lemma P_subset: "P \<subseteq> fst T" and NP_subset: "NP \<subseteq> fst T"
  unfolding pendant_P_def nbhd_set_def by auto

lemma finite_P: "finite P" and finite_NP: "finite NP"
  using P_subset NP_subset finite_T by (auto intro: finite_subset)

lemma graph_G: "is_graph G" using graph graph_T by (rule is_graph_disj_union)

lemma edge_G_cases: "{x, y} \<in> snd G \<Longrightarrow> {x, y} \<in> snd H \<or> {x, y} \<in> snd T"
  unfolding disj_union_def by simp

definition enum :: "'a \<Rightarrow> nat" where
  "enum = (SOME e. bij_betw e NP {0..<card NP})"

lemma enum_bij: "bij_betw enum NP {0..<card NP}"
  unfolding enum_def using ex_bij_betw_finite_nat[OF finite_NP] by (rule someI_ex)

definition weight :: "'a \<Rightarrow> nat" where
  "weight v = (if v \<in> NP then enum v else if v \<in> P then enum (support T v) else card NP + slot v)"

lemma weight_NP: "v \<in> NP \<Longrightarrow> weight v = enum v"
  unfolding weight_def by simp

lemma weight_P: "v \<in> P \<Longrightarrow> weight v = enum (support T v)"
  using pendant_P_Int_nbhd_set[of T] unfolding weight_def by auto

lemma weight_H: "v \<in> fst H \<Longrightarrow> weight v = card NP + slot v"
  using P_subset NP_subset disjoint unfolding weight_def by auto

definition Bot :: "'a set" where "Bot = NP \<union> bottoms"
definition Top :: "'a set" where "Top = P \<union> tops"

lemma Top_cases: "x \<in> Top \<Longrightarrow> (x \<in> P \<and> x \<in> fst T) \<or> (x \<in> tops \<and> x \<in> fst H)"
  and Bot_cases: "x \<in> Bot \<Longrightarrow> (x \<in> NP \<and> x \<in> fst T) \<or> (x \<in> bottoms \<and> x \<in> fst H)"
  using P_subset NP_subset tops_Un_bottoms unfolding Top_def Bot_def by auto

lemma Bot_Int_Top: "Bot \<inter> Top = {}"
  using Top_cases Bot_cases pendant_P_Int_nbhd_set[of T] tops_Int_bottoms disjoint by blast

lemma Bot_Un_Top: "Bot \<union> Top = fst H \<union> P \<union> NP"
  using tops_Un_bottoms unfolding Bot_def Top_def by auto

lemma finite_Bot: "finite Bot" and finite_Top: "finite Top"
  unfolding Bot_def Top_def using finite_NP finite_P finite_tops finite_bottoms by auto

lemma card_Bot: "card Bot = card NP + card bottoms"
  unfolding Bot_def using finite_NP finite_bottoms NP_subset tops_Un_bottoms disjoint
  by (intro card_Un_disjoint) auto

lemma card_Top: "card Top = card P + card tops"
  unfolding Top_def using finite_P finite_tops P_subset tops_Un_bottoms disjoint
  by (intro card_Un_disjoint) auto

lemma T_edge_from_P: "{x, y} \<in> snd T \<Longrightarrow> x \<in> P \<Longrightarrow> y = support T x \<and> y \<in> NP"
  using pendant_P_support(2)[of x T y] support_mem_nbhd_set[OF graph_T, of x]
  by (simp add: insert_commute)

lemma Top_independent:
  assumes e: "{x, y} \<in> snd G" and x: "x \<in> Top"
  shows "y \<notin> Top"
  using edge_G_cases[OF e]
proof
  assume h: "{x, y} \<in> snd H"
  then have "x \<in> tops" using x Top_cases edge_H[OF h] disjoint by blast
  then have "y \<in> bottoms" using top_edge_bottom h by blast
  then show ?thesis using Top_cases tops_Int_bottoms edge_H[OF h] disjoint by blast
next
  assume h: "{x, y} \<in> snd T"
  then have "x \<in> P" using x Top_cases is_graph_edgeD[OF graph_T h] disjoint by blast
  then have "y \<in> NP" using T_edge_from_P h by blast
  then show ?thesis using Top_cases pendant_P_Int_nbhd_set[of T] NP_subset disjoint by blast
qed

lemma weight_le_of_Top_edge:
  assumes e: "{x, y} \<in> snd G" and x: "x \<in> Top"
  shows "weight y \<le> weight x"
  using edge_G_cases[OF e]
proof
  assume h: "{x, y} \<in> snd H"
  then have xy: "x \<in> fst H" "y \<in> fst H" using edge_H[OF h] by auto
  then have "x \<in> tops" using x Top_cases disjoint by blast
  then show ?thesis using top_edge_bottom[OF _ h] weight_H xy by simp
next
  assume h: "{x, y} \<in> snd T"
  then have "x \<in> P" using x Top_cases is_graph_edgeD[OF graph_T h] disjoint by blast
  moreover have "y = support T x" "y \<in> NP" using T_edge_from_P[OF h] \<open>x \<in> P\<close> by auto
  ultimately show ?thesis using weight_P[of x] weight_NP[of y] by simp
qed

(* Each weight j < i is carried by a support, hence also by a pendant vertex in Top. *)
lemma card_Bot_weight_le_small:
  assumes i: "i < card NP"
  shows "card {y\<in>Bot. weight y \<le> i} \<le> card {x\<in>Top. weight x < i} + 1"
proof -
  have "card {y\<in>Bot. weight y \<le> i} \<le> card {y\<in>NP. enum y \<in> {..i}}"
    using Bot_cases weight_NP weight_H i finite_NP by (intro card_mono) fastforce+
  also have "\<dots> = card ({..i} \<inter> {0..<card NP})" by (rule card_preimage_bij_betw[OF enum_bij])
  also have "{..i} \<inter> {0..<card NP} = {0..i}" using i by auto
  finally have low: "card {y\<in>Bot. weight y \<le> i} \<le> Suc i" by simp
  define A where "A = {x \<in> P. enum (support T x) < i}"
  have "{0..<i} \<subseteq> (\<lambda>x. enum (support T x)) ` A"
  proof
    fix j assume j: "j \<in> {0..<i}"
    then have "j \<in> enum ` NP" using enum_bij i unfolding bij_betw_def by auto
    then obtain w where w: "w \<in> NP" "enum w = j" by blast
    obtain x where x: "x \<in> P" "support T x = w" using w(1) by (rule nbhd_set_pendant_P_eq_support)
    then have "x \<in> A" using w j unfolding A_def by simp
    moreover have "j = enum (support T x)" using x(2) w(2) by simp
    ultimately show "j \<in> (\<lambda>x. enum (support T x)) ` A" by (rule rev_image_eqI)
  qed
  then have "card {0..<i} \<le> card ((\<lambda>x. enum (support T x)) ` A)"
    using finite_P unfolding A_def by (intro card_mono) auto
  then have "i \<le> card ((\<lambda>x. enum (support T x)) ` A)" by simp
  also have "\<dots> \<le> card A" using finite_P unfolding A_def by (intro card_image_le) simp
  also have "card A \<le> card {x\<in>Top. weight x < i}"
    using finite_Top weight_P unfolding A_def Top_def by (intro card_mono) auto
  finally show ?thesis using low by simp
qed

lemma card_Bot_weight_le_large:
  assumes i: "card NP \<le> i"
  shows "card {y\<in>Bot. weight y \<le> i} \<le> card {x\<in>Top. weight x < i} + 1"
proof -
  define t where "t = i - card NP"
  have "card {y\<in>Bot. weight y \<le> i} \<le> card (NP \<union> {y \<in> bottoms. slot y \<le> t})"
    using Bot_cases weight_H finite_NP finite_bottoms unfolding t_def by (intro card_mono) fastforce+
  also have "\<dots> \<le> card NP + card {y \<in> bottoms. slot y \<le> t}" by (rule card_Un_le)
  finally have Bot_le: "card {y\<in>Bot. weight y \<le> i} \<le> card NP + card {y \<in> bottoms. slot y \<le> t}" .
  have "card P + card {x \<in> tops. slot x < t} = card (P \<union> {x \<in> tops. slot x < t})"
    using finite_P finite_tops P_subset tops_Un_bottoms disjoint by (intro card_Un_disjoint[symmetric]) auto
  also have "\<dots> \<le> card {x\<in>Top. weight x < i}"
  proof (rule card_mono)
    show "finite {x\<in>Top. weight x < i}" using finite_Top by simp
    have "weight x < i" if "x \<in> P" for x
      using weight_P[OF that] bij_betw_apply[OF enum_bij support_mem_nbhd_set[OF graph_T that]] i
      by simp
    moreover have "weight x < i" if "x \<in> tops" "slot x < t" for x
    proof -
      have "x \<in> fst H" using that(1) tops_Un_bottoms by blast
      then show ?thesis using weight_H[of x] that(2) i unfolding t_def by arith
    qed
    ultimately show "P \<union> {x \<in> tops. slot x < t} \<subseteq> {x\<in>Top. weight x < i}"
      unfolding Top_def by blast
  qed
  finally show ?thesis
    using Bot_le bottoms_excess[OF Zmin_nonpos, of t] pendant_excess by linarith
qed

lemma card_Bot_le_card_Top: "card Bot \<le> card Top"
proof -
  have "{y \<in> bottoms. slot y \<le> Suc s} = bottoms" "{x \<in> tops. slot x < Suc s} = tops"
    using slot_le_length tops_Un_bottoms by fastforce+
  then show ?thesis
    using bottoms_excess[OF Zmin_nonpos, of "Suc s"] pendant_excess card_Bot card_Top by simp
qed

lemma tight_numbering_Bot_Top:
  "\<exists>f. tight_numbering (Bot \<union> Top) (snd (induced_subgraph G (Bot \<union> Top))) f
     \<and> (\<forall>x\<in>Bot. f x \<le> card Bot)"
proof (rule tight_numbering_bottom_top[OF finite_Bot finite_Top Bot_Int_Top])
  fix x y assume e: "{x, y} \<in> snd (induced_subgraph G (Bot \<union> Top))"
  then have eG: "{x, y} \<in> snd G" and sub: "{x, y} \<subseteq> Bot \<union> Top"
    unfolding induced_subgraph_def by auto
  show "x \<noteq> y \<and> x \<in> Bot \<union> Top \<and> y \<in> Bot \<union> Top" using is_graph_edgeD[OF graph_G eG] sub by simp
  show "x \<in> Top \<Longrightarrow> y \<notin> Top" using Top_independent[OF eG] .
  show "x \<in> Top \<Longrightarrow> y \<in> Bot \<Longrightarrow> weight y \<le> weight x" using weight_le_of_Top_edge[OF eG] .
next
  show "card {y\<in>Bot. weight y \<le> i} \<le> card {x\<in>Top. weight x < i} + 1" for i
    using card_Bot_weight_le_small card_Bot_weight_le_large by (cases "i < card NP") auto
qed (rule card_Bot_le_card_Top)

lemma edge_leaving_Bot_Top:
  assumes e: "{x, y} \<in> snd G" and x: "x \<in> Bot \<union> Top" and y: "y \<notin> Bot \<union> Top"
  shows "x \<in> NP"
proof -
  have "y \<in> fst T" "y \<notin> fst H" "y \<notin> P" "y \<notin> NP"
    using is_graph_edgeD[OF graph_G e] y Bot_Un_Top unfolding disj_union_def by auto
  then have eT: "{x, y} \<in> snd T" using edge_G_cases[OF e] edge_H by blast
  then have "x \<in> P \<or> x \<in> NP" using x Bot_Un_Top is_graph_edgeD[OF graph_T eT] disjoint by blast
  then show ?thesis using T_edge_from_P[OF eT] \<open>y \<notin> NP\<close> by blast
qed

TASK INSTRUCTIONS: From the entries above, copy each line that holds "dots".

TASK ANSWER:
  also have "\<dots> = card ({..i} \<inter> {0..<card NP})" by (rule card_preimage_bij_betw[OF enum_bij])
  also have "\<dots> \<le> card A" using finite_P unfolding A_def by (intro card_image_le) simp
  also have "\<dots> \<le> card NP + card {y \<in> bottoms. slot y \<le> t}" by (rule card_Un_le)
  also have "\<dots> \<le> card {x\<in>Top. weight x < i}"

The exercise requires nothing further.